Writing in Human Events, the Eagle Forum’s Phyllis Schlafly attacks the Supreme Court, not only for its ruling in the Hamdan case, but for even hearing the case at all
The Supreme Court had no business taking the Hamdan case. Congress had passed the Detainee Treatment Act of 2005 withdrawing jurisdiction over Guantanamo prisoners’ habeas corpus petitions from every “court, justice, or judge” except the U.S. Court of Appeals for the District of Columbia.
The Supreme Court did not, and could not, dispute Congress’ power to do exactly that. The U.S. Constitution clearly grants this power to Congress.
But the court held that pending cases were exempt from this particular withdrawal of jurisdiction even though the law did not say that. Justice John Paul Stevens’ majority decision ignored what Justice Scalia’s dissent called a “plain directive,” and (in the words of a primary sponsor of the Detainee Act, Sen. Lindsey Graham, R-S.C.) “made legal contortions to get the result the Court wanted.”
Relying on Sen. Lindsey Graham’s interpretation of what the Detainee Treatment Act of 2005 said about cases such as Hamdan is not particularly convincing, considering that he and Sen. Kyl snuck a bogus exchange into the Congressional Record in an attempt to make it look like Congress shared their view on this issue when that was not at all the case.

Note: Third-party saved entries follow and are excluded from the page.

text \<open>An x-y-collider-tree of the DAG H, represented by its edge set Et together with its
  distinguished x-y-path p (its nodes are the nodes of p and the endpoints of edges in Et):
  every node of t not on p is a descendant (in t) of a collider of p.\<close>
definition collider_tree :: "'v set \<Rightarrow> ('v \<times> 'v) set \<Rightarrow> 'v \<Rightarrow> 'v \<Rightarrow> ('v \<times> 'v) set \<Rightarrow> 'v list \<Rightarrow> bool" where
  "collider_tree Vs H x y Et p \<longleftrightarrow> Et \<subseteq> H \<and> is_xy_path Vs Et x y p \<and>
     (\<forall>(u, v) \<in> Et. \<forall>w \<in> {u, v}. w \<notin> set p \<longrightarrow>
        (\<exists>i. collider Et p i \<and> descendant Et (p ! i) w))"

definition active_collider_tree :: "'v set \<Rightarrow> ('v \<times> 'v) set \<Rightarrow> 'v set \<Rightarrow> 'v \<Rightarrow> 'v \<Rightarrow> ('v \<times> 'v) set \<Rightarrow> bool" where
  "active_collider_tree Vs H Z x y Et \<longleftrightarrow> (\<exists>p. collider_tree Vs H x y Et p \<and> active Et Z p)"

text \<open>Sentences.  Noe and independence assumptions are indexed by the unordered pair {x,y},
  so that noe_xy = noe_yx and (x indep y | Z) = (y indep x | Z).  Ctr a is the (fresh,
  distinct) contrary of a.\<close>
datatype 'v sent =
    Arr 'v 'v
  | Noe "'v set"
  | Indep "'v set" "'v set"
  | Dpath 'v 'v
  | Edge 'v 'v
  | Ctr "'v sent"

definition ds_asms :: "'v set \<Rightarrow> 'v sent set" where
  "ds_asms V =
     {Arr x y | x y. x \<in> V \<and> y \<in> V \<and> x \<noteq> y} \<union>
     {Noe {x, y} | x y. x \<in> V \<and> y \<in> V \<and> x \<noteq> y} \<union>
     {Indep {x, y} Z | x y Z. Z \<subseteq> V \<and> x \<in> V - Z \<and> y \<in> V - Z \<and> x \<noteq> y}"

definition ds_rules :: "'v set \<Rightarrow> ('v sent \<times> 'v sent set) set" where
  "ds_rules V =
     \<comment> \<open>(i)\<close>
     {(Ctr a, {b}) | a b x y. x \<in> V \<and> y \<in> V \<and> x \<noteq> y \<and>
        a \<in> {Arr x y, Arr y x, Noe {x, y}} \<and> b \<in> {Arr x y, Arr y x, Noe {x, y}} \<and> a \<noteq> b} \<union>
     \<comment> \<open>(ii) cycles x_1 ... x_k with x_1 = x_k (list indices 0 .. k-1)\<close>
     {(Ctr (Arr (xs ! i) (xs ! Suc i)), {Arr (xs ! j) (xs ! Suc j) | j. Suc j < length xs})
        | xs i. set xs \<subseteq> V \<and> 2 \<le> length xs \<and> hd xs = last xs \<and>
          (\<forall>j. Suc j < length xs \<longrightarrow> xs ! j \<noteq> xs ! Suc j) \<and> Suc i < length xs} \<union>
     \<comment> \<open>(iii)\<close>
     {(Dpath x y, {Arr x y}) | x y. x \<in> V \<and> y \<in> V} \<union>
     {(Dpath x z, {Dpath x y, Arr y z}) | x y z. x \<in> V \<and> y \<in> V \<and> z \<in> V} \<union>
     {(Edge x y, {Arr x y}) | x y. x \<in> V \<and> y \<in> V} \<union>
     {(Edge x y, {Arr y x}) | x y. x \<in> V \<and> y \<in> V} \<union>
     {(Ctr (Noe {x, y}), {Edge x y}) | x y. x \<in> V \<and> y \<in> V \<and> x \<noteq> y} \<union>
     \<comment> \<open>(iv)\<close>
     {(Ctr (Indep {x, y} Z), {Arr u v | u v. (u, v) \<in> Et})
        | x y Z Et. x \<in> V \<and> y \<in> V \<and> x \<noteq> y \<and> Z \<subseteq> V - {x, y} \<and>
          (\<exists>H. is_dag V H \<and> active_collider_tree V H Z x y Et)}"

text \<open>The graph G(S) = (V, {(u,v) | arr_uv in S}); its node set is V.\<close>
definition graph_of :: "'v sent set \<Rightarrow> ('v \<times> 'v) set" where
  "graph_of S = {(u, v). Arr u v \<in> S}"

end

theory Submission
  imports Defs
begin

text \<open>A complete extension S is conflict-free, so no rule whose body consists of assumptions
  of S may conclude the contrary of an assumption of S.  The cycle rules (ii) therefore make
  G(S) acyclic, i.e. a DAG on V.  If some x-y-path were Z-active in G(S), the edges of G(S)
  between its nodes together with all edges on directed paths from its colliders into Z would
  form a Z-active x-y-collider-tree of that DAG; by rule (iv) its arrows, all in S, would
  derive the contrary of the independence assumption in S.\<close>

lemma derives_rule_body:
  assumes "(h, B) \<in> R" "finite B" "B \<subseteq> A"
  shows "derives R A B h"
proof -
  have "derives R A (\<Union>b\<in>B. {b}) h"
    using assms by (intro derives.rule) (auto intro: derives.asm)
  then show ?thesis by simp
qed

lemma conflict_free_rule_body_not_subset:
  assumes "conflict_free R A ctr S" "S \<subseteq> A"
    and "(ctr a, B) \<in> R" "finite B" "a \<in> S"
  shows "\<not> B \<subseteq> S"
proof
  assume "B \<subseteq> S"
  then have "derives R A B (ctr a)"
    using assms(2-4) by (intro derives_rule_body) auto
  with \<open>B \<subseteq> S\<close> \<open>a \<in> S\<close> show False
    using assms(1) unfolding conflict_free_def attacks_def by blast
qed

lemma graph_of_edge:
  assumes "S \<subseteq> ds_asms V" "(u, v) \<in> graph_of S"
  shows "u \<in> V" "v \<in> V" "u \<noteq> v"
  using assms unfolding graph_of_def ds_asms_def by auto

lemma cycle_rule_in_ds_rules:
  assumes "set xs \<subseteq> V" "2 \<le> length xs" "hd xs = last xs"
    and "\<And>j. Suc j < length xs \<Longrightarrow> xs ! j \<noteq> xs ! Suc j"
  shows "(Ctr (Arr (xs ! 0) (xs ! 1)), {Arr (xs ! j) (xs ! Suc j) | j. Suc j < length xs})
           \<in> ds_rules V"
  unfolding ds_rules_def using assms
  by (intro UnI1 UnI2 CollectI exI[of _ xs] exI[of _ 0]) auto

lemma acyclic_graph_of:
  assumes "conflict_free (ds_rules V) (ds_asms V) Ctr S" "S \<subseteq> ds_asms V"
  shows "acyclic (graph_of S)"
proof (rule acyclicI, intro allI notI)
  fix a assume "(a, a) \<in> (graph_of S)\<^sup>+"
  then obtain n f where "n > 0" "f 0 = a" "f n = a"
    and step: "\<And>i. i < n \<Longrightarrow> (f i, f (Suc i)) \<in> graph_of S"
    unfolding trancl_power relpow_fun_conv by blast
  define xs where "xs = map f [0..<Suc n]"
  have len: "length xs = Suc n" and nth: "\<And>j. j < Suc n \<Longrightarrow> xs ! j = f j"
    unfolding xs_def by (simp_all del: upt_Suc)
  have "f j \<in> V" if "j \<le> n" for j
  proof (cases "j < n")
    case True
    then show ?thesis using graph_of_edge(1)[OF assms(2) step] by blast
  next
    case False
    then show ?thesis
      using that \<open>n > 0\<close> \<open>f 0 = a\<close> \<open>f n = a\<close> graph_of_edge(1)[OF assms(2) step[of 0]] by auto
  qed
  then have "set xs \<subseteq> V" unfolding xs_def by auto
  moreover have "hd xs = last xs"
    using \<open>f 0 = a\<close> \<open>f n = a\<close> unfolding xs_def by (simp add: hd_map last_map del: upt_Suc)
  moreover have "xs ! j \<noteq> xs ! Suc j" if "Suc j < length xs" for j
    using that graph_of_edge(3)[OF assms(2) step[of j]] by (simp add: len nth)
  ultimately have rule: "(Ctr (Arr (xs ! 0) (xs ! 1)),
      {Arr (xs ! j) (xs ! Suc j) | j. Suc j < length xs}) \<in> ds_rules V"
    using \<open>n > 0\<close> len by (intro cycle_rule_in_ds_rules) auto
  have body: "{Arr (xs ! j) (xs ! Suc j) | j. Suc j < length xs} \<subseteq> S"
    using step by (auto simp: len nth graph_of_def)
  moreover have "finite {Arr (xs ! j) (xs ! Suc j) | j. Suc j < length xs}"
    by (simp add: setcompr_eq_image len)
  moreover have "Arr (xs ! 0) (xs ! 1) \<in> S"
    using body \<open>n > 0\<close> len by auto
  ultimately show False
    using conflict_free_rule_body_not_subset[OF assms rule] by blast
qed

As Slate’s Emily Bazelon explained
[Kyl and Graham’s fictional exchange] was inserted into the Congressional Record just before the law passed, which means that the colloquy did not alert other members of Congress to the views it contains. Inserting comments into the Record is standard practice in Congress. What’s utterly nonstandard is implying to the Supreme Court that testimony was live when it wasn’t. The colloquy is evidence of what Kyl and Graham thought about the meaning of the DTA. But it doesn’t show that any other member of Congress shared their understanding. Everything else in the record that directly addresses whether the DTA forces the Supreme Court to toss Hamdan comes from Levin or another Democrat—and explicitly states that the DTA leaves Hamdan alone.
Graham and Kyl even went so far as to script this phony exchange that included a “fake interruption by a third senator and dialogue about their floor time running out” in hopes of fooling the Supreme Court into thinking that the DTA meant something that the majority in the Senate did not intend.
Fortunately, it didn’t work – though it did manage to fool Schlafly.